While the polymeric foam cored sandwiches have been realized for many years, recently there is a growing and outstanding interest on the use of sandwiches consisting of aluminum foam core because of their some of the distinct mechanical properties such as high bending stiffness, high load carrying and energy absorption capacities. These properties make them very useful in the transportation industry (automotive, aerospace, shipbuilding industry), where the "lightweight design" philosophy and the safety of vehicles are very important aspects. Therefore, in this study, the sandwich panels with aluminum alloy foam core and various types and thicknesses of glass fiber reinforced polymer (GFRP) skins produced via Vacuum Assisted Resin Transfer Molding (VARTM) technique were obtained by using a commercial toughened epoxy based adhesive with two components.

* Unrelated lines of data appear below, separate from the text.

lemma sum_card_kstar_old:
  "(\<Sum>k\<in>verts. card (kstar_old m n g k)) =
     card (Hstar_old m n g - Hset m n g) + (\<Sum>k\<in>verts. card (crossing_verts k))"
proof -
  have "card (kstar_old m n g k) = card {i \<in> kstar_old m n g k. i < k} + card {i \<in> kstar_old m n g k. k < i}"
    if "k \<in> verts" for k
  proof -
    have "kstar_old m n g k = {i \<in> kstar_old m n g k. i < k} \<union> {i \<in> kstar_old m n g k. k < i}"
      using that by (auto simp: kstar_old_def is_horiz_def is_vert_def) (metis linorder_neqE_nat)
    then show ?thesis
      using finite_kstar_old[of m n g k] by (metis (no_types, lifting) card_Un_disjoint
          disjoint_iff finite_Un less_asym mem_Collect_eq)
  qed
  then have "(\<Sum>k\<in>verts. card (kstar_old m n g k)) =
      card (Sigma verts (\<lambda>k. {i \<in> kstar_old m n g k. i < k})) + (\<Sum>k\<in>verts. card (crossing_verts k))"
    using finite_verts finite_kstar_old card_kstar_old_after by (simp add: sum.distrib)
  also have "Sigma verts (\<lambda>k. {i \<in> kstar_old m n g k. i < k}) = (Hstar_old m n g - Hset m n g)\<inverse>"
  proof (intro set_eqI)
    fix x :: "nat \<times> nat"
    obtain k i where x: "x = (k, i)"
      by fastforce
    have "L i \<noteq> L k + int (m + n)" if "is_horiz g i" "is_vert g k"
      using that level_neq_shift by (simp add: is_horiz_def is_vert_def)
    then show "x \<in> Sigma verts (\<lambda>k. {i \<in> kstar_old m n g k. i < k}) \<longleftrightarrow> x \<in> (Hstar_old m n g - Hset m n g)\<inverse>"
      unfolding x by (auto simp: kstar_old_def Hstar_old_def Hset_eq_levels)
  qed
  finally show ?thesis
    by simp
qed

lemma card_Hstar_ins:
  "card (Hstar_ins m n g) = (\<Sum>k\<in>verts. card (crossing_verts k)) + (\<Sum>k\<in>verts. card (kstar_ins m n g k))"
proof -
  define lo where "lo = {(k, j) \<in> Hstar_ins m n g. L k < L j \<and> L j < L k + n}"
  define hi where "hi = {(k, j) \<in> Hstar_ins m n g. L j < L k}"
  have fin: "finite lo" "finite hi" "finite (Sigma verts crossing_verts)"
    using finite_verts finite_crossing_verts
    by (auto simp: lo_def hi_def intro: finite_subset[OF _ finite_Hstar_ins])
  have neq: "L j \<noteq> L k" "L j \<noteq> L k + n" if "(k, j) \<in> Hstar_ins m n g" for k j
    using that vert_levels_neq[of j k] by (auto simp: Hstar_ins_def)
  have "Hstar_ins m n g = (Sigma verts crossing_verts \<union> lo) \<union> hi"
    using neq by (fastforce simp: Hstar_ins_def crossing_verts_def lo_def hi_def)
  moreover have "Sigma verts crossing_verts \<inter> lo = {}" "(Sigma verts crossing_verts \<union> lo) \<inter> hi = {}"
    by (auto simp: crossing_verts_def lo_def hi_def)
  ultimately have "card (Hstar_ins m n g) = (\<Sum>k\<in>verts. card (crossing_verts k)) + card lo + card hi"
    using fin finite_verts finite_crossing_verts by (simp add: card_Un_disjoint)
  moreover have "(\<Sum>k\<in>verts. card (kstar_ins m n g k)) = card (Sigma verts (kstar_ins m n g))"
    using finite_verts finite_kstar_ins by simp
  moreover have "Sigma verts (kstar_ins m n g) = lo \<union> hi\<inverse>"
  proof (intro set_eqI)
    fix x :: "nat \<times> nat"
    obtain k k' where x: "x = (k, k')"
      by fastforce
    have "L k' \<noteq> L k" "L k' \<noteq> L k + n" if "is_vert g k" "is_vert g k'" "k' \<noteq> k"
      using that vert_levels_neq by auto
    then show "x \<in> Sigma verts (kstar_ins m n g) \<longleftrightarrow> x \<in> lo \<union> hi\<inverse>"
      unfolding x by (auto simp: kstar_ins_def lo_def hi_def Hstar_ins_def)
  qed
  moreover have "lo \<inter> hi\<inverse> = {}"
    by (auto simp: lo_def hi_def Hstar_ins_def)
  ultimately show ?thesis
    using fin by (simp add: card_Un_disjoint)
qed

end

theorem mainTheorem7:
  fixes m n :: nat and \<gamma> :: "bool list"
  assumes "0 < m" and "0 < n" and "coprime m n"
    and "\<gamma> \<in> dyck m n"
  shows "int (hstat m n \<gamma>) =
           int (hstat (m + n) n (star \<gamma>))
           - (\<Sum>i\<in>Vset (m + n) n (star \<gamma>). int (kval (m + n) n (star \<gamma>) i))"
proof -
  interpret dyck_path m n \<gamma>
    using assms by unfold_locales
  have "hstat (m + n) n (star \<gamma>) = card (Hstar_old m n \<gamma>) + card (Hstar_ins m n \<gamma>)"
    by (rule hstat_star)
  also have "\<dots> = hstat m n \<gamma> + card (Hstar_old m n \<gamma> - Hset m n \<gamma>) + card (Hstar_ins m n \<gamma>)"
    by (simp add: card_Hstar_old)
  also have "\<dots> = hstat m n \<gamma> + (\<Sum>k\<in>verts. card (kstar_old m n \<gamma> k) + card (kstar_ins m n \<gamma> k))"
    by (simp add: sum_card_kstar_old card_Hstar_ins sum.distrib)
  also have "\<dots> = hstat m n \<gamma> + (\<Sum>p\<in>Vset (m + n) n (star \<gamma>). kval (m + n) n (star \<gamma>) p)"
    by (simp add: sum_kval_Vset)
  finally show ?thesis
    by (simp add: of_nat_sum)
qed

end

The aim of this contribution was the analysis of the bending response of sandwiches with various glass fiber reinforced polymer skins. The three point bending tests were performed on sandwich panels at different values of support span distance using a universal static testing machine in order to clarify the effects of the type and thickness of the GFRP skins in terms of peak load, energy efficiency and absorbed energy values. The GFRP skins were easily bonded to the aluminum alloy foam core under press machine with a very low pressure. The main results of the bending tests are: force-displacement curves, peak force values, absorbed energy, collapse mechanisms and the influence of the support span length and GFRP skins. The obtained results of the experimental investigation presented that the sandwich with the skin made of thicker S-Glass fabric failed at the highest load and absorbed the highest amount of energy compared to the other sandwich specimens. The increment of the support span distance made the decrease of the peak force and absorbed energy values for each type of panels. The common collapse mechanism of the panels was obtained as core shear failure which was not affected by the skin materials and the support span distance.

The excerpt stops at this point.